**EXTRACTED MATERIAL**:
lemma reaches_stop:
  "fst (step prog s) \<in> S \<Longrightarrow> Q 1 (step prog s) \<Longrightarrow> reaches S prog s Q"
  unfolding reaches_def by (rule exI[of _ 0]) simp

lemma reaches_continue:
  assumes "fst (step prog s) \<notin> S"
  shows "reaches S prog s Q \<longleftrightarrow> reaches S prog (step prog s) (\<lambda>t. Q (Suc t))"
proof
  assume "reaches S prog s Q"
  then obtain t where t: "fst ((step prog ^^ Suc t) s) \<in> S" "Q (Suc t) ((step prog ^^ Suc t) s)"
    unfolding reaches_def by blast
  moreover from t assms obtain t' where "t = Suc t'"
    by (cases t) auto
  ultimately show "reaches S prog (step prog s) (\<lambda>t. Q (Suc t))"
    unfolding reaches_def by (auto simp only: funpow_Suc_right o_apply)
next
  assume "reaches S prog (step prog s) (\<lambda>t. Q (Suc t))"
  then show "reaches S prog s Q"
    unfolding reaches_def by (metis funpow_Suc_right comp_apply)
qed

lemma reaches_mono: "reaches S prog s Q \<Longrightarrow> (\<And>t s. Q t s \<Longrightarrow> Q' t s) \<Longrightarrow> reaches S prog s Q'"
  unfolding reaches_def by blast

lemma reaches_bind:
  assumes "reaches S prog s R" and "\<And>t s'. R t s' \<Longrightarrow> reaches S prog s' (\<lambda>t'. Q (t + t'))"
  shows "reaches S prog s Q"
proof -
  let ?run = "\<lambda>t. step prog ^^ t"
  obtain t where "R (Suc t) (?run (Suc t) s)"
    using assms(1) unfolding reaches_def by blast
  then obtain t' where t': "fst (?run (Suc t') (?run (Suc t) s)) \<in> S"
      "Q (Suc t + Suc t') (?run (Suc t') (?run (Suc t) s))"
    using assms(2) unfolding reaches_def by blast
  have "?run (Suc t') (?run (Suc t) s) = ?run (Suc (Suc t + t')) s"
    by (metis add_Suc_right add.commute comp_apply funpow_add)
  with t' show ?thesis
    unfolding reaches_def by (intro exI[of _ "Suc t + t'"]) simp
qed

definition hoare :: "nat set \<Rightarrow> instr list \<Rightarrow> ((nat \<Rightarrow> nat) \<Rightarrow> bool) \<Rightarrow> nat \<Rightarrow> nat \<Rightarrow> nat \<Rightarrow>
    ((nat \<Rightarrow> nat) \<Rightarrow> bool) \<Rightarrow> bool" where
  "hoare S prog Pre L T L' Post \<longleftrightarrow>
     (\<forall>M. Pre M \<longrightarrow> reaches S prog (L, M) (\<lambda>t s. t \<le> T \<and> fst s = L' \<and> Post (snd s)))"

lemma hoareI:
  "(\<And>M. Pre M \<Longrightarrow> reaches S prog (L, M) (\<lambda>t s. t \<le> T \<and> fst s = L' \<and> Post (snd s))) \<Longrightarrow>
    hoare S prog Pre L T L' Post"
  unfolding hoare_def by blast

lemma hoareD:
  "hoare S prog Pre L T L' Post \<Longrightarrow> Pre M \<Longrightarrow>
    reaches S prog (L, M) (\<lambda>t s. t \<le> T \<and> fst s = L' \<and> Post (snd s))"
  unfolding hoare_def by blast

lemma hoare_conseq:
  assumes "hoare S prog Pre L T L' Post"
    and "\<And>M. Pre' M \<Longrightarrow> Pre M" "T \<le> T'" "\<And>M. Post M \<Longrightarrow> Post' M"
  shows "hoare S prog Pre' L T' L' Post'"
  using assms unfolding hoare_def by (fastforce elim: reaches_mono)

lemma hoare_seq:
  assumes "hoare S prog Pre L T1 L' Mid" and "hoare S prog Mid L' T2 L'' Post"
  shows "hoare S prog Pre L (T1 + T2) L'' Post"
proof (rule hoareI)
  fix M assume "Pre M"
  show "reaches S prog (L, M) (\<lambda>t s. t \<le> T1 + T2 \<and> fst s = L'' \<and> Post (snd s))"
  proof (rule reaches_bind[OF hoareD[OF assms(1), OF \<open>Pre M\<close>],
        where Q = "\<lambda>t s. t \<le> T1 + T2 \<and> fst s = L'' \<and> Post (snd s)"])
    fix t s assume s: "t \<le> T1 \<and> fst s = L' \<and> Mid (snd s)"
    then obtain M' where s_eq: "s = (L', M')" and "Mid M'"
      by (cases s) simp
    show "reaches S prog s (\<lambda>t' s. t + t' \<le> T1 + T2 \<and> fst s = L'' \<and> Post (snd s))"
      using reaches_mono[OF hoareD[OF assms(2), OF \<open>Mid M'\<close>],
          of "\<lambda>t' s. t + t' \<le> T1 + T2 \<and> fst s = L'' \<and> Post (snd s)"] s
      unfolding s_eq by auto
  qed
qed

lemma hoare_loop:
  assumes "\<And>c. c < N \<Longrightarrow> hoare S prog (Inv c) L T L (Inv (Suc c))"
    and "hoare S prog (Inv N) L T' L' Post"
  shows "hoare S prog (Inv 0) L (N * T + T') L' Post"
proof -
  have "hoare S prog (Inv c) L ((N - c) * T + T') L' Post" if "c \<le> N" for c
    using that
  proof (induction "N - c" arbitrary: c)
    case 0
    then show ?case
      using assms(2) by simp
  next
    case (Suc r)
    then have "c < N" and "N - c = Suc (N - Suc c)"
      by simp_all
    then have "(N - c) * T + T' = T + ((N - Suc c) * T + T')"
      by simp
    then show ?case
      using hoare_seq[OF assms(1) Suc.hyps(1)[of "Suc c"]] Suc.hyps(2) by (simp add: add.assoc)
  qed
  from this[of 0] show ?thesis
    by simp
qed

lemma hoare_run:
  assumes "hoare S prog (\<lambda>M. M = I) 0 T L Post" and "\<And>M. halted prog (L, M)"
  shows "halted prog (run prog T I) \<and> Post (snd (run prog T I))"
proof -
  obtain t where t: "Suc t \<le> T" "fst ((step prog ^^ Suc t) (0, I)) = L"
      "Post (snd ((step prog ^^ Suc t) (0, I)))"
    using hoareD[OF assms(1), of I] unfolding reaches_def by auto
  define s where "s = (step prog ^^ Suc t) (0, I)"
  have "halted prog s"
    using assms(2)[of "snd s"] t(2) unfolding s_def by (metis prod.collapse)
  then have "(step prog ^^ m) s = s" for m
    by (induction m) (simp_all add: step_def)
  moreover have "run prog T I = (step prog ^^ (T - Suc t)) s"
    unfolding run_def s_def using t(1) by (metis funpow_add comp_apply le_add_diff_inverse2)
  ultimately show ?thesis
    using \<open>halted prog s\<close> t(3) unfolding s_def by simp
qed

section \<open>The decision program\<close>

text \<open>Entry \<open>(i, j)\<close> of the input matrix sits in cell \<open>1 + i n + j\<close>, so it overlaps the registers.
  The program first packs cells 2 to 5 into register 1 as base-3 digits (cell 1 is a diagonal
  entry, hence 0), squares \<open>n\<close>, copies cells 6 to \<open>n\<^sup>2\<close> behind \<open>B = n\<^sup>2 + 32\<close> and unpacks the
  digits there.  It then runs Floyd-Warshall in place on the copy, adding 2 to every entry 0 or 1
  that becomes reachable, and finally outputs 0 iff some entry equals 3, that is, a pair forced to
  0 is reachable.\<close>

definition pack_code :: "instr list" where
  "pack_code =
    [Add 1 1 2, Add 2 1 1, Add 2 2 1, Add 1 2 3, Add 2 1 1, Add 2 2 1, Add 1 2 4,
     Add 2 1 1, Add 2 2 1, Add 1 2 5, Const 4 1, Const 3 0, Add 2 0 3]"

definition square_code :: "instr list" where
  "square_code = [Jz 2 17, Add 3 3 0, Sub 2 2 4, Jmp 13]"

definition copy_code :: "instr list" where
  "copy_code =
    [Const 2 0, Add 2 2 3, Add 3 3 3, Const 5 32, Add 3 3 5,
     Const 5 5, Sub 5 2 5, Jz 5 30, Load 5 2, Store 3 5, Sub 2 2 4, Sub 3 3 4, Jmp 22,
     Sub 6 3 2, Const 7 1, Add 8 6 7, Const 9 0, Store 8 9]"

definition unpack_digit_code :: "nat \<Rightarrow> nat \<Rightarrow> nat \<Rightarrow> instr list" where
  "unpack_digit_code L c w =
    [Const 7 c, Add 8 6 7,
     Const 7 (2 * w - 1), Sub 9 1 7, Jz 9 (L + 10),
     Const 9 2, Store 8 9, Const 7 (2 * w), Sub 1 1 7, Jmp (L + 20),
     Const 7 (w - 1), Sub 9 1 7, Jz 9 (L + 18),
     Const 9 1, Store 8 9, Const 7 w, Sub 1 1 7, Jmp (L + 20),
     Const 9 0, Store 8 9]"

definition fw_code :: "instr list" where
  "fw_code =
    [Const 10 1, Const 11 0, Add 14 6 10,
     Sub 17 0 11, Jz 17 151, Const 12 0, Add 15 6 10,
     Sub 17 0 12, Jz 17 148, Const 13 0,
     Sub 17 0 13, Jz 17 145,
     Add 16 15 11, Load 17 16, Sub 17 17 10, Jz 17 143,
     Add 16 14 13, Load 17 16, Sub 17 17 10, Jz 17 143,
     Add 16 15 13, Load 17 16, Sub 18 17 10, Jz 18 140, Jmp 143,
     Const 18 2, Add 17 17 18, Store 16 17,
     Add 13 13 10, Jmp 125,
     Add 12 12 10, Add 15 15 0, Jmp 122,
     Add 11 11 10, Add 14 14 0, Jmp 118]"

definition scan_code :: "instr list" where
  "scan_code =
    [Const 19 1, Add 16 6 10,
     Sub 17 14 16, Jz 17 162, Load 17 16, Const 18 2, Sub 17 17 18, Jz 17 160, Const 19 0,
     Add 16 16 10, Jmp 153,
     Const 7 0, Add 0 19 7, Halt]"

definition decider :: "instr list" where
  "decider = pack_code @ square_code @ copy_code @
     unpack_digit_code 35 2 27 @ unpack_digit_code 55 3 9 @ unpack_digit_code 75 4 3 @
     unpack_digit_code 95 5 1 @ fw_code @ scan_code"

definition cut_points :: "nat set" where
  "cut_points = {13, 17, 22, 30, 35, 55, 75, 95, 115, 118, 122, 125, 145, 148, 151, 153, 164}"

lemma length_code_blocks:
  "length pack_code = 13" "length square_code = 4" "length copy_code = 18"
  "length (unpack_digit_code L c w) = 20" "length fw_code = 36" "length scan_code = 14"
  by (simp_all add: pack_code_def square_code_def copy_code_def unpack_digit_code_def
      fw_code_def scan_code_def)

lemma length_decider: "length decider = 165"
  by (simp add: decider_def length_code_blocks)
lemma empty_column_coverage:
  assumes dom: "dominating_broadcast2 (torus_verts m n) (torus_adj m n) f"
    and "0 < n" and empty: "column_weight f m n z = 0"
  shows "m \<le> near_reach (column_weight f m n (z - 1)) + near_reach (column_weight f m n (z + 1))
            + far_reach (column_weight f m n (z - 2)) + far_reach (column_weight f m n (z + 2))"
proof -
  let ?H = "\<lambda>d y. hearing_rows m d (column f n y)"
  have "{..<m} \<subseteq> ?H 1 (z - 1) \<union> ?H 1 (z + 1) \<union> ?H 2 (z - 2) \<union> ?H 2 (z + 2)"
    using empty_column_heard_nearby[OF assms] by blast
  moreover have "finite (?H d y)" for d y
    by (rule finite_subset[of _ "{..<m}"]) (auto simp: hearing_rows_def)
  ultimately have "m \<le> card (?H 1 (z - 1) \<union> ?H 1 (z + 1) \<union> ?H 2 (z - 2) \<union> ?H 2 (z + 2))"
    by (metis card_lessThan card_mono finite_UnI)
  also have "\<dots> \<le> card (?H 1 (z - 1)) + card (?H 1 (z + 1)) + card (?H 2 (z - 2)) + card (?H 2 (z + 2))"
    by (intro order_trans[OF card_Un_le] add_mono order_refl)
  also have "\<dots> \<le> near_reach (column_weight f m n (z - 1)) + near_reach (column_weight f m n (z + 1))
            + far_reach (column_weight f m n (z - 2)) + far_reach (column_weight f m n (z + 2))"
    unfolding column_weight_def using dom limited_broadcast2_le
    by (intro add_mono card_hearing_rows_near card_hearing_rows_far)
       (auto simp: column_def dominating_broadcast2_def)
  finally show ?thesis .
qed
lemma invariant_density_ratio:
  assumes "det (R::cmat) = 1" and Q: "(R *v hcoord w)$2 \<noteq> 0"
    and inv: "\<tau> (mob R w) * cmod (deriv (mob R) w) = fs_density w"
  shows "\<tau> (mob R w) / fs_density (mob R w) = (norm (R *v hcoord w))^2 / (norm (hcoord w))^2"
proof -
  define q where "q = cmod ((R *v hcoord w)$2)"
  have q: "q > 0" using Q by (simp add: q_def)
  have "\<tau> (mob R w) = fs_density w * q^2"
    using inv cmod_deriv_mob[OF assms(1,2)] q by (simp add: q_def field_simps)
  moreover have "norm (R *v hcoord w) = q * norm (hcoord (mob R w))"
    using matrix_vector_mult_hcoord[OF Q] by (metis norm_smult_C2 q_def)
  ultimately show ?thesis using q by (simp add: fs_density_eq power_mult_distrib)
qed

lemma bdd_above_sph_density_ratio:
  assumes "det (M::cmat) = 1"
  shows "bdd_above (range (\<lambda>u. sph_density M u / fs_density u))"
proof (rule bdd_aboveI2)
  fix u
  define K where "K = (\<Sum>i\<in>UNIV. \<Sum>j\<in>UNIV. (cmod (M$i$j))^2)"
  have h: "1 \<le> (norm (hcoord u))^2" by (simp add: norm_sq_C2)
  have K: "(norm (hcoord u))^2 \<le> K * (norm (M *v hcoord u))^2"
    unfolding K_def by (rule norm_le_frobenius_mult_norm_mv[OF assms])
  then have "0 < K * (norm (M *v hcoord u))^2" using h by linarith
  then have n: "(norm (M *v hcoord u))^2 > 0" by (auto simp: zero_less_mult_iff)
  have "sph_density M u / fs_density u = (norm (hcoord u))^2 / (norm (M *v hcoord u))^2"
    by (simp add: sph_density_eq fs_density_eq)
  also have "\<dots> \<le> K" using K n by (simp add: divide_le_eq)
  finally show "sph_density M u / fs_density u \<le> K" .
qed

lemma eventually_at_right_line_nonzero:
  assumes "b \<noteq> 0"
  shows "\<forall>\<^sub>F t in at_right 0. a + of_real t * b \<noteq> (0::complex)"
  using eventually_neq_at_within[of "Re (- a / b)" 0 "{0<..}"]
proof eventually_elim
  case (elim t)
  show ?case
  proof
    assume "a + of_real t * b = 0"
    then have "of_real t = - a / b" using assms by (simp add: field_simps add_eq_0_iff)
    then show False using elim by (metis Re_complex_of_real)
  qed
qed

text \<open>Perturb v along a vector x at which both conditions hold and let the perturbation tend to 0.\<close>

lemma sq_norm_mv_le_of_generic:
  assumes "det (R::cmat) \<noteq> 0"
    and bound: "\<And>v. v$2 \<noteq> 0 \<Longrightarrow> (R *v v)$2 \<noteq> 0 \<Longrightarrow> (norm (R *v v))^2 \<le> S * (norm v)^2"
  shows "(norm (R *v v))^2 \<le> S * (norm v)^2"
proof -
  obtain x where x2: "x$2 \<noteq> 0" and Rx2: "(R *v x)$2 \<noteq> 0"
  proof (cases "R$2$2 = 0")
    case True
    then have "R$2$1 \<noteq> 0" using assms by (auto simp: det_2)
    then show ?thesis using that[of "vector [1, 1]"] True by (simp add: matrix_vector_mult_C2)
  next
    case False
    then show ?thesis using that[of "vector [0, 1]"] by (simp add: matrix_vector_mult_C2)
  qed
  define g where "g t = S * (norm (v + t *\<^sub>R x))^2 - (norm (R *v (v + t *\<^sub>R x)))^2" for t :: real
  have "\<forall>\<^sub>F t in at_right 0. (v + t *\<^sub>R x)$2 \<noteq> 0 \<and> (R *v (v + t *\<^sub>R x))$2 \<noteq> 0"
    using eventually_at_right_line_nonzero[OF x2, of "v$2"]
      eventually_at_right_line_nonzero[OF Rx2, of "(R *v v)$2"]
    by eventually_elim (simp add: matrix_vector_mult_C2 algebra_simps, simp add: scaleR_conv_of_real)
  then have "\<forall>\<^sub>F t in at_right 0. 0 \<le> g t"
    by eventually_elim (use bound in \<open>simp add: g_def\<close>)
  moreover have "continuous_on UNIV g"
    unfolding g_def by (intro continuous_intros continuous_on_compose2[OF matrix_vector_mult_linear_continuous_on]) auto
  then have "(g \<longlongrightarrow> g 0) (at_right 0)"
    by (metis UNIV_I continuous_on_def filterlim_at_split)
  ultimately have "0 \<le> g 0" by (intro tendsto_lowerbound) auto
  then show ?thesis by (simp add: g_def)
qed
(* Let $(\mathscr T_t)_{t\ge0}$ be a Crump-Mode-Jagers process with generic waiting-time sequence $(X_j)_{j\in\mathbb N}$ as in the context, let $(X'_j)_{j\in\mathbb N}$ be an independent copy of it, and assume Assumption (A). Suppose that for some $\alpha>0$ and $K\in\mathbb N$, \[\sum_{j=1}^\infty\mathbb E\Big[e^{-\alpha\sum_{i=1}^jX_i}\Big]<1\quad\text{and}\quad\prod_{i=K+1}^\infty\mathbb E\Big[e^{\alpha(X'_i-X_i)}\Big]<\infty.\] Then the set $\mathcal P=\{u\in\mathcal U:\ u\text{ catches up to each of its ancestors}\}$ is almost surely finite.
   Context: Ulam–Harris tree: $\mathcal U=\bigcup_{n\ge0}\mathbb N^n$ with $\mathbb N^0=\{\varnothing\}$; $u=u_1\cdots u_k$, $|u|=k$, $uj$ is the $j$-th child of $u$, and concatenation $uv$ of $u$ and $v=v_1\cdots v_m$ is $u_1\cdots u_kv_1\cdots v_m$. The ancestors of $w=w_1\cdots w_k$ are $w_1\cdots w_\ell$ for $0\le\ell<k$ (with $\ell=0$ giving $\varnothing$). Let $(X_j)_{j\in\mathbb N}$ be $[0,\infty]$-valued random variables and for each $u\in\mathcal U$ let $(X(uj))_{j\in\mathbb N}$ be a copy of $(X_j)_j$, independent over different $u$. Birth times: $\mathcal B(\varnothing)=0$, $\mathcal B(ui)=\mathcal B(u)+\sum_{j=1}^iX(uj)$. For $u\in\mathcal U$ and $v=v_1\cdots v_m\in\mathcal U$ with $m\ge1$, say "$uv$ catches up to $u$" if there exists $j\in\mathbb N$ with $\mathcal B(uv(v_1+j))\le\mathcal B(u(v_1+j))$; a node $w$ catches up to its ancestor $a$ if, writing $w=av$, $w$ catches up to $a$ in this sense. Assumption (A): (i) $(X_i)_{i\in\mathbb N}$ mutually independent; (ii) $X_j<\infty$ a.s. for each $j$; (iii) $\sum_{j=1}^\infty\prod_{i=1}^j\mathbb P(X_i=0)<1$. *)

theory Defs
  imports "HOL-Probability.Probability"
begin

text \<open>Ulam-Harris nodes are lists of positive naturals; children are numbered 1,2,3,...\<close>
definition UH :: "nat list set" where
  "UH = {u. \<forall>x\<in>set u. 1 \<le> x}"

text \<open>Birth time of node w in the outcome \<omega>; X u \<omega> is the waiting time attached to node u
  (so X (u @ [j]) is the j-th waiting time of the children of u).
  B([]) = 0 and B(u@[i]) = B(u) + sum_{j=1..i} X(u@[j]).\<close>
definition birth :: "(nat list \<Rightarrow> 'a \<Rightarrow> ennreal) \<Rightarrow> nat list \<Rightarrow> 'a \<Rightarrow> ennreal" where
  "birth X w \<omega> = (\<Sum>l<length w. \<Sum>j\<in>{1..w ! l}. X (take l w @ [j]) \<omega>)"

definition catches_up :: "(nat list \<Rightarrow> 'a \<Rightarrow> ennreal) \<Rightarrow> nat list \<Rightarrow> nat list \<Rightarrow> 'a \<Rightarrow> bool" where
  "catches_up X u v \<omega> \<longleftrightarrow> v \<noteq> [] \<and>
     (\<exists>j\<ge>1. birth X (u @ v @ [hd v + j]) \<omega> \<le> birth X (u @ [hd v + j]) \<omega>)"

definition catchP :: "(nat list \<Rightarrow> 'a \<Rightarrow> ennreal) \<Rightarrow> 'a \<Rightarrow> nat list set" where
  "catchP X \<omega> = {w \<in> UH. \<forall>l<length w. catches_up X (take l w) (drop l w) \<omega>}"

definition eexp :: "ereal \<Rightarrow> ennreal" where
  "eexp x = (if x = \<infinity> then \<infinity> else if x = -\<infinity> then 0 else ennreal (exp (real_of_ereal x)))"

end

(*
  Only catching up with the root matters.  For a node w with first letter i, catching up with the
  root means that for some j >= 1 the gap walk
    B(w (i+j)) - B(i+j) = lag w + sum_{i < m <= i+j} (X(w m) - X_m)
  drops to or below 0, where lag w >= 0 depends on waiting times other than the increments.  Since
  exp(alpha (B(i+n) - B(w (i+n)))) / prod_m E exp(alpha (X'_m - X_m)) is a martingale along the walk,
  optional stopping bounds the probability of such a crossing.  Starting the walk at max i K and
  weighting with exp(-alpha (X_1 + ... + X_K)) removes the first K factors of the product, so that
    E[exp(-alpha (X_1 + ... + X_K)); w catches up with the root] <= L * prod_l psi(w_l),
  with L the finite product over i > K and psi(c) = E exp(-alpha (X_1 + ... + X_c)).  Summed over all
  nodes the right-hand side is a geometric series in sum_c psi(c) < 1.  Hence the weighted number of
  nodes catching up with the root has finite expectation and is almost surely finite.
*)
theory Submission
  imports Defs
begin

lemma (in prob_space) indep_sets_reindex:
  assumes f: "inj_on f I" and F: "indep_sets F (f ` I)"
  shows "indep_sets (\<lambda>i. F (f i)) I"
proof (rule indep_setsI)
  fix i assume "i \<in> I"
  then show "F (f i) \<subseteq> events" using F by (auto simp: indep_sets_def)
next
  fix A J assume J: "J \<noteq> {}" "J \<subseteq> I" "finite J" and A: "\<forall>j\<in>J. A j \<in> F (f j)"
  have inv: "the_inv_into I f (f j) = j" if "j \<in> J" for j
    using the_inv_into_f_f[OF f] that J(2) by blast
  have "prob (\<Inter>j\<in>f ` J. A (the_inv_into I f j)) = (\<Prod>j\<in>f ` J. prob (A (the_inv_into I f j)))"
    using J A inv by (intro indep_setsD[OF F]) auto
  then show "prob (\<Inter>j\<in>J. A j) = (\<Prod>j\<in>J. prob (A j))"
    using inv by (simp add: prod.reindex[OF inj_on_subset[OF f J(2)]])
qed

**REQUIREMENT**: The answer is the run of lines above from the line containing "The program first" through the line containing "entry, hence 0), squares", copied exactly and alone.

**EXPECTED OUTPUT**:
  The program first packs cells 2 to 5 into register 1 as base-3 digits (cell 1 is a diagonal
  entry, hence 0), squares \<open>n\<close>, copies cells 6 to \<open>n\<^sup>2\<close> behind \<open>B = n\<^sup>2 + 32\<close> and unpacks the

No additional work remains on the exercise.